lemma induces_2K2_inv_into:
  assumes f: "bij_betw f A B" and iso: "\<forall>x\<in>A. \<forall>y\<in>A. E x y \<longleftrightarrow> E' (f x) (f y)"
    and "N \<subseteq> B" "induces_2K2 E' N"
  shows "induces_2K2 E (inv_into A f ` N)"
proof -
  let ?g = "inv_into A f"
  obtain u w u' w' where N: "N = {u, w, u', w'}" "distinct [u, w, u', w']"
    and edges: "E' u w" "E' u' w'" "\<not> E' u u'" "\<not> E' u w'" "\<not> E' w u'" "\<not> E' w w'"
    using assms(4) unfolding induces_2K2_def by blast
  have fB: "f ` A = B" using f by (simp add: bij_betw_def)
  have E_iff: "E (?g a) (?g b) \<longleftrightarrow> E' a b" if "a \<in> N" "b \<in> N" for a b
  proof -
    have "?g a \<in> A" "?g b \<in> A" "f (?g a) = a" "f (?g b) = b"
      using that assms(3) fB by (auto intro: inv_into_into f_inv_into_f)
    then show ?thesis using iso by metis
  qed
  have "inj_on ?g N" using inj_on_inv_into[of N f A] assms(3) fB by blast
  then have "distinct (map ?g [u, w, u', w'])" using N by (simp only: distinct_map set_simps)
  then show ?thesis unfolding induces_2K2_def
    using E_iff edges unfolding N(1)
    by (intro exI[of _ "?g u"] exI[of _ "?g w"] exI[of _ "?g u'"] exI[of _ "?g w'"]) simp
qed

lemma induced_iso_F_2K2_family:
  assumes "induced_iso_F V E R"
  obtains M :: "nat \<Rightarrow> 'a set" where "\<forall>i<5. induces_2K2 E (M i) \<and> M i \<subseteq> R" "disjoint_family_on M {..<5}"
proof -
  obtain f where f: "bij_betw f R F_V" and iso: "\<forall>x\<in>R. \<forall>y\<in>R. E x y \<longleftrightarrow> F_E (f x) (f y)"
    using assms unfolding induced_iso_F_def by blast
  define N :: "nat \<Rightarrow> nat set" where "N i = {i, 5 + i, 10 + i, 15 + i}" for i
  have fR: "f ` R = F_V" using f by (simp add: bij_betw_def)
  have N_sub: "N i \<subseteq> F_V" if "i < 5" for i using that unfolding N_def F_V_def by auto
  have "induces_2K2 E (inv_into R f ` N i) \<and> inv_into R f ` N i \<subseteq> R" if "i < 5" for i
  proof
    show "induces_2K2 E (inv_into R f ` N i)"
      using induces_2K2_inv_into[OF f iso N_sub[OF that]] F_E_induces_2K2[OF that] unfolding N_def
      by blast
    show "inv_into R f ` N i \<subseteq> R" using N_sub[OF that] fR inv_into_into[of _ f R] by blast
  qed
  moreover have "disjoint_family_on (\<lambda>i. inv_into R f ` N i) {..<5}"
    unfolding disjoint_family_on_def
  proof (intro ballI impI)
    fix i j :: nat assume ij: "i \<in> {..<5}" "j \<in> {..<5}" "i \<noteq> j"
    have "N i \<inter> N j = {}" using ij unfolding N_def by auto
    moreover have "inj_on (inv_into R f) F_V" using inj_on_inv_into[of F_V f R] fR by simp
    ultimately show "inv_into R f ` N i \<inter> inv_into R f ` N j = {}"
      using inj_on_image_Int[of "inv_into R f" F_V "N i" "N j"] N_sub ij by simp
  qed
  ultimately show ?thesis using that[of "\<lambda>i. inv_into R f ` N i"] by blast
qed

lemma induced_iso_F_clique_card_le_2:
  assumes "induced_iso_F V E R" "Q \<subseteq> R" "clique V E Q"
  shows "card Q \<le> 2"
proof (rule ccontr)
  assume "\<not> card Q \<le> 2"
  then obtain T where "T \<subseteq> Q" "card T = 3" using obtain_subset_with_card_n[of 3 Q] by force
  then obtain a b c where abc: "a \<in> Q" "b \<in> Q" "c \<in> Q" "a \<noteq> b" "b \<noteq> c" "a \<noteq> c"
    by (auto simp: card_3_iff)
  then have "E a b" "E b c" "E a c" using assms(3) unfolding clique_def by blast+
  moreover obtain f where "\<forall>x\<in>R. \<forall>y\<in>R. E x y \<longleftrightarrow> F_E (f x) (f y)"
    using assms(1) unfolding induced_iso_F_def by blast
  ultimately have "F_E (f a) (f b)" "F_E (f b) (f c)" "F_E (f a) (f c)"
    using abc(1-3) assms(2) by blast+
  then show False using F_E_triangle_free by blast
qed

section \<open>Removing the copy of F\<close>

lemma graph_symp_irreflp:
  assumes "graph V E"
  shows "finite V" "symp E" "irreflp E"
  using assms unfolding graph_def symp_def irreflp_def by blast+

lemma adm_removal_in_F_leaving_odd_clique:
  fixes V :: "'a set"
  assumes "graph V E" "induced_iso_F V E R" "S \<subseteq> V - R" "card S \<le> 5"
  obtains X where "S \<subseteq> X" "X \<subseteq> S \<union> R" "adm_removal V E X" "clique V E (R - X)"
    "\<forall>x\<in>R - X. odd (degree (V - X) E x)"
proof -
  note G = graph_symp_irreflp[OF assms(1)]
  have RV: "R \<subseteq> V" using assms(2) unfolding induced_iso_F_def by blast
  obtain M :: "nat \<Rightarrow> 'a set"
    where M: "\<forall>i<5. induces_2K2 E (M i) \<and> M i \<subseteq> R" "disjoint_family_on M {..<5}"
    using induced_iso_F_2K2_family[OF assms(2)] by blast
  have "\<forall>i<5. induces_2K2 E (M i) \<and> M i \<subseteq> V - S"
  proof (intro allI impI)
    fix i :: nat assume "i < 5"
    then show "induces_2K2 E (M i) \<and> M i \<subseteq> V - S" using M(1) RV assms(3) by auto
  qed
  moreover have "S \<subseteq> V" using assms(3) by blast
  ultimately obtain Xs where Xs: "S \<subseteq> Xs" "Xs \<subseteq> S \<union> (\<Union>i<5. M i)" "adm_removal V E Xs"
    using adm_removal_through_2K2_family[OF G(2,3) G(1) _ assms(4) _ M(2)] by blast
  have "(\<Union>i<5. M i) \<subseteq> R" using M(1) by blast
  then have XsR: "Xs \<subseteq> S \<union> R" using Xs(2) by blast
  have rest: "finite (V - Xs)" "R - Xs \<subseteq> V - Xs" using G(1) RV by auto
  obtain X' where X': "X' \<subseteq> R - Xs" "adm_removal (V - Xs) E X'"
      "clique (V - Xs) E (R - Xs - X')" "\<forall>x\<in>R - Xs - X'. odd (degree (V - Xs - X') E x)"
    using adm_removal_leaving_odd_clique[OF G(2,3) rest] by blast
  have eqs: "R - Xs - X' = R - (Xs \<union> X')" "V - Xs - X' = V - (Xs \<union> X')" by auto
  have "Xs \<union> X' \<subseteq> S \<union> R" using XsR X'(1) by blast
  moreover have "adm_removal V E (Xs \<union> X')" using adm_removal_trans[OF Xs(3) X'(2)] .
  moreover have "clique V E (R - (Xs \<union> X'))" using X'(3) RV unfolding clique_def eqs by blast
  moreover have "\<forall>x\<in>R - (Xs \<union> X'). odd (degree (V - (Xs \<union> X')) E x)" using X'(4) unfolding eqs .
  moreover have "S \<subseteq> Xs \<union> X'" using Xs(1) by blast
  ultimately show ?thesis using that by blast
qed
(* Let $n=2m+1$ be odd with $n\ge5$, and work in the polynomial ring $\mathbb Z_2[R,V_1,\dots,V_{n-1}]$ (no relations imposed). Let $D_n=\binom{n-1}{m+1}=\binom{n-1}{m-1}$, and enumerate the $(m+1)$-element subsets of $\{1,\dots,n-1\}$ as $L_1,\dots,L_{D_n}$. For each $i$ set $$p_i=\sum_{S\subset L_i,\ |S|=m-1}R\prod_{j\in S}V_j,\qquad f_i=\sum_{S\subset L_i,\ |S|\le m-2}R^{|L_i|-|S|-1}\prod_{j\in S}V_j$$ (the second sum including $S=\emptyset$). Let $$X_{m+1}=\Big\{\xi=(\xi_1,\dots,\xi_{D_n})\in(\mathbb Z_2)^{D_n}:\ \sum_{i=1}^{D_n}\xi_ip_i=0\Big\}.$$ Then (i) $\dim_{\mathbb Z_2}X_{m+1}=\beta_n$, where $\beta_n=D_n-\alpha_n$ and $\alpha_n=\sum_{i=0}^{m-1}2^{m-1-i}\binom{2i}{i}$; and (ii) for any basis $\Omega_{m+1}$ of $X_{m+1}$, the polynomials $F_\xi=\sum_{i=1}^{D_n}\xi_if_i$, $\xi\in\Omega_{m+1}$, are linearly independent over $\mathbb Z_2$.
   Context: $\mathbb Z_2=\mathbb Z/2\mathbb Z$. Note $p_i+f_i=\sum_{S\subset L_i,\,|S|\le m-1}R^{|L_i-S|-1}\prod_{j\in S}V_j$. *)

theory Defs
  imports Main "HOL-Library.Z2" "HOL-Library.Poly_Mapping" "HOL-Library.Function_Algebras"
begin

(* Polynomial ring Z_2[R, V_1, ..., V_{n-1}]:  (nat \<Rightarrow>\<^sub>0 nat) \<Rightarrow>\<^sub>0 bit,
   variable 0 is R, variable j (1 \<le> j \<le> n-1) is V_j. *)
type_synonym z2poly = "(nat \<Rightarrow>\<^sub>0 nat) \<Rightarrow>\<^sub>0 bit"

definition mono :: "nat \<Rightarrow> nat set \<Rightarrow> z2poly" where
  "mono k S = Poly_Mapping.single
      (Poly_Mapping.single 0 k + (\<Sum>j\<in>S. Poly_Mapping.single j 1)) (1::bit)"

definition pscale :: "bit \<Rightarrow> z2poly \<Rightarrow> z2poly" where
  "pscale c P = Poly_Mapping.single 0 c * P"

(* the (m+1)-element subsets L of {1..n-1}, n = 2m+1 *)
definition Lsets :: "nat \<Rightarrow> nat set set" where
  "Lsets m = {L. L \<subseteq> {1..2*m} \<and> card L = m + 1}"

definition pp :: "nat \<Rightarrow> nat set \<Rightarrow> z2poly" where
  "pp m L = (\<Sum>S\<in>{S. S \<subseteq> L \<and> card S = m - 1}. mono 1 S)"

definition ff :: "nat \<Rightarrow> nat set \<Rightarrow> z2poly" where
  "ff m L = (\<Sum>S\<in>{S. S \<subseteq> L \<and> card S \<le> m - 2}. mono (card L - card S - 1) S)"

(* vectors xi in Z_2^{D_n}, indexed by the sets L in Lsets m *)
definition Xspace :: "nat \<Rightarrow> (nat set \<Rightarrow> bit) set" where
  "Xspace m = {xi. (\<forall>L. L \<notin> Lsets m \<longrightarrow> xi L = 0)
                  \<and> (\<Sum>L\<in>Lsets m. pscale (xi L) (pp m L)) = 0}"

definition Fxi :: "nat \<Rightarrow> (nat set \<Rightarrow> bit) \<Rightarrow> z2poly" where
  "Fxi m xi = (\<Sum>L\<in>Lsets m. pscale (xi L) (ff m L))"

definition vscale :: "bit \<Rightarrow> (nat set \<Rightarrow> bit) \<Rightarrow> (nat set \<Rightarrow> bit)" where
  "vscale c xi = (\<lambda>L. c * xi L)"

definition z2_indep_family :: "(bit \<Rightarrow> 'v \<Rightarrow> 'v::comm_monoid_add) \<Rightarrow> ('i \<Rightarrow> 'v) \<Rightarrow> 'i set \<Rightarrow> bool" where
  "z2_indep_family sc v I \<longleftrightarrow> finite I \<and>
     (\<forall>c. (\<Sum>i\<in>I. sc (c i) (v i)) = 0 \<longrightarrow> (\<forall>i\<in>I. c i = 0))"

definition z2_span :: "(bit \<Rightarrow> 'v \<Rightarrow> 'v::comm_monoid_add) \<Rightarrow> 'v set \<Rightarrow> 'v set" where
  "z2_span sc B = {(\<Sum>b\<in>B. sc (c b) b) | c. True}"

definition z2_basis :: "(bit \<Rightarrow> 'v \<Rightarrow> 'v::comm_monoid_add) \<Rightarrow> 'v set \<Rightarrow> 'v set \<Rightarrow> bool" where
  "z2_basis sc X B \<longleftrightarrow> B \<subseteq> X \<and> z2_indep_family sc id B \<and> z2_span sc B = X"

definition alpha :: "nat \<Rightarrow> nat" where
  "alpha m = (\<Sum>i<m. 2 ^ (m - 1 - i) * ((2 * i) choose i))"

end

theory Submission
  imports Defs
begin
(* For every integer $n\geq1$ the function $$p_n(t)=\frac{1}{t^2}\sum_{k=1}^\infty(2\pi k)^{1-2n}\left(\frac{4\pi k}{t^2+(2\pi k)^2}+\frac{8\pi kt}{(t^2+(2\pi k)^2)^2}+\frac{2n-1}{2\pi k}\,\frac{2t}{t^2+(2\pi k)^2}\right),\qquad t>0,$$ is completely monotonic on $(0,\infty)$.
   Context: A function $g$ on $(0,\infty)$ is completely monotonic if it is $C^\infty$ and $(-1)^mg^{(m)}(t)\geq0$ for all $m\geq0$ and $t>0$. *)

theory Defs
  imports "HOL-Analysis.Analysis"
begin

definition completely_monotonic :: "(real \<Rightarrow> real) \<Rightarrow> bool" where
  "completely_monotonic g \<longleftrightarrow>
     (\<forall>m. \<forall>t>0. (deriv ^^ m) g differentiable (at t)) \<and>
     (\<forall>m. \<forall>t>0. (-1) ^ m * (deriv ^^ m) g t \<ge> 0)"

definition p_fun :: "nat \<Rightarrow> real \<Rightarrow> real" where
  "p_fun n t = (1 / t\<^sup>2) * (\<Sum>j. let k = real (Suc j) in
      (2*pi*k) powi (1 - 2 * int n) *
      (4*pi*k / (t\<^sup>2 + (2*pi*k)\<^sup>2)
       + 8*pi*k*t / (t\<^sup>2 + (2*pi*k)\<^sup>2)\<^sup>2
       + (2 * real n - 1) / (2*pi*k) * (2*t / (t\<^sup>2 + (2*pi*k)\<^sup>2))))"

end

theory Submission
  imports Defs "HOL-Real_Asymp.Real_Asymp"
begin

text \<open>With \<open>a = 2 \<pi> k\<close>, the \<open>k\<close>-th summand of \<open>p_fun n t\<close> (including the factor \<open>1 / t\<^sup>2\<close>) is the
  Laplace transform of
    \<open>2 / a\<^bsup>2n+2\<^esup> * (a * (y - sin y) - y * sin y + (2 n + 1) * (1 - cos y))\<close>,  \<open>y = a x\<close>,
  as an explicit antiderivative of \<open>exp (- t x)\<close> times this function shows. An elementary
  trigonometric inequality makes the bracket nonnegative for \<open>a \<ge> 2\<close> and \<open>2 n + 1 \<ge> 3\<close>, so
  \<open>(-1)\<^sup>m\<close> times the \<open>m\<close>-th derivative of \<open>p_fun n\<close> is a sum of Laplace transforms of nonnegative
  functions \<open>x\<^sup>m * \<dots>\<close>. Differentiation under the integral and termwise in \<open>k\<close> is justified by
  the bound \<open>8 (n + 1) (1 + x) / a\<^sup>2\<close> on the densities, which is summable in \<open>k\<close>.\<close>

section \<open>A criterion for complete monotonicity\<close>

lemma completely_monotonicI:
  fixes F :: "nat \<Rightarrow> real \<Rightarrow> real"
  assumes F0: "\<And>t. t > 0 \<Longrightarrow> F 0 t = f t"
    and F': "\<And>m t. t > 0 \<Longrightarrow> (F m has_real_derivative - F (Suc m) t) (at t)"
    and F_nonneg: "\<And>m t. t > 0 \<Longrightarrow> F m t \<ge> 0"
  shows "completely_monotonic f"
proof -
  have deriv: "((deriv ^^ m) f has_real_derivative (-1) ^ Suc m * F (Suc m) t) (at t)"
    if eq: "\<And>t. t > 0 \<Longrightarrow> (deriv ^^ m) f t = (-1) ^ m * F m t" and "t > 0" for m t
  proof (rule has_field_derivative_transform_within_open[where S = "{0<..}"])
    show "((\<lambda>t. (-1) ^ m * F m t) has_real_derivative (-1) ^ Suc m * F (Suc m) t) (at t)"
      using DERIV_cmult[OF F'[OF \<open>t > 0\<close>], of "(-1) ^ m"] by simp
  qed (use eq \<open>t > 0\<close> in auto)
  have eq: "(deriv ^^ m) f t = (-1) ^ m * F m t" if "t > 0" for m t
    using that
  proof (induction m arbitrary: t)
    case 0
    then show ?case
      using F0 by simp
  next
    case (Suc m)
    then show ?case
      using DERIV_imp_deriv[OF deriv[OF Suc.IH]] by simp
  qed
  show ?thesis
    unfolding completely_monotonic_def
  proof (intro conjI allI impI)
    fix m :: nat and t :: real assume "t > 0"
    show "(deriv ^^ m) f differentiable (at t)"
      using deriv[OF eq \<open>t > 0\<close>] unfolding real_differentiable_def by blast
    show "(-1) ^ m * (deriv ^^ m) f t \<ge> 0"
      using F_nonneg[OF \<open>t > 0\<close>, of m] by (simp add: eq[OF \<open>t > 0\<close>] flip: power_mult_distrib)
  qed
qed

section \<open>Laplace transforms\<close>

text \<open>The Laplace transform \<open>\<integral>\<^sub>0\<^sup>\<infinity> exp (- t * x) * g x dx\<close> is taken as the series of its pieces over
  the unit intervals \<open>[j, j + 1]\<close>, which avoids improper integrals.\<close>

definition laplace_piece :: "(real \<Rightarrow> real) \<Rightarrow> real \<Rightarrow> nat \<Rightarrow> real" where
  "laplace_piece g t j = integral {real j..real j + 1} (\<lambda>x. exp (- t * x) * g x)"

definition laplace :: "(real \<Rightarrow> real) \<Rightarrow> real \<Rightarrow> real" where
  "laplace g t = (\<Sum>j. laplace_piece g t j)"

definition subexponential :: "(real \<Rightarrow> real) \<Rightarrow> bool" where
  "subexponential g \<longleftrightarrow> (\<forall>s>0. \<exists>B. \<forall>x\<ge>0. \<bar>g x\<bar> \<le> B * exp (s * x))"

--------------------

◆ **ASSIGNED TASK**
Transcribe each line of the data above, unaltered, from the one where "transforms of nonnegative" appears to the one where "section \<open>Laplace transforms\<close>" appears, inclusive of both.

◆ **EXPECTED OUTPUT**
  \<open>(-1)\<^sup>m\<close> times the \<open>m\<close>-th derivative of \<open>p_fun n\<close> is a sum of Laplace transforms of nonnegative
  functions \<open>x\<^sup>m * \<dots>\<close>. Differentiation under the integral and termwise in \<open>k\<close> is justified by
  the bound \<open>8 (n + 1) (1 + x) / a\<^sup>2\<close> on the densities, which is summable in \<open>k\<close>.\<close>

section \<open>A criterion for complete monotonicity\<close>

lemma completely_monotonicI:
  fixes F :: "nat \<Rightarrow> real \<Rightarrow> real"
  assumes F0: "\<And>t. t > 0 \<Longrightarrow> F 0 t = f t"
    and F': "\<And>m t. t > 0 \<Longrightarrow> (F m has_real_derivative - F (Suc m) t) (at t)"
    and F_nonneg: "\<And>m t. t > 0 \<Longrightarrow> F m t \<ge> 0"
  shows "completely_monotonic f"
proof -
  have deriv: "((deriv ^^ m) f has_real_derivative (-1) ^ Suc m * F (Suc m) t) (at t)"
    if eq: "\<And>t. t > 0 \<Longrightarrow> (deriv ^^ m) f t = (-1) ^ m * F m t" and "t > 0" for m t
  proof (rule has_field_derivative_transform_within_open[where S = "{0<..}"])
    show "((\<lambda>t. (-1) ^ m * F m t) has_real_derivative (-1) ^ Suc m * F (Suc m) t) (at t)"
      using DERIV_cmult[OF F'[OF \<open>t > 0\<close>], of "(-1) ^ m"] by simp
  qed (use eq \<open>t > 0\<close> in auto)
  have eq: "(deriv ^^ m) f t = (-1) ^ m * F m t" if "t > 0" for m t
    using that
  proof (induction m arbitrary: t)
    case 0
    then show ?case
      using F0 by simp
  next
    case (Suc m)
    then show ?case
      using DERIV_imp_deriv[OF deriv[OF Suc.IH]] by simp
  qed
  show ?thesis
    unfolding completely_monotonic_def
  proof (intro conjI allI impI)
    fix m :: nat and t :: real assume "t > 0"
    show "(deriv ^^ m) f differentiable (at t)"
      using deriv[OF eq \<open>t > 0\<close>] unfolding real_differentiable_def by blast
    show "(-1) ^ m * (deriv ^^ m) f t \<ge> 0"
      using F_nonneg[OF \<open>t > 0\<close>, of m] by (simp add: eq[OF \<open>t > 0\<close>] flip: power_mult_distrib)
  qed
qed

section \<open>Laplace transforms\<close>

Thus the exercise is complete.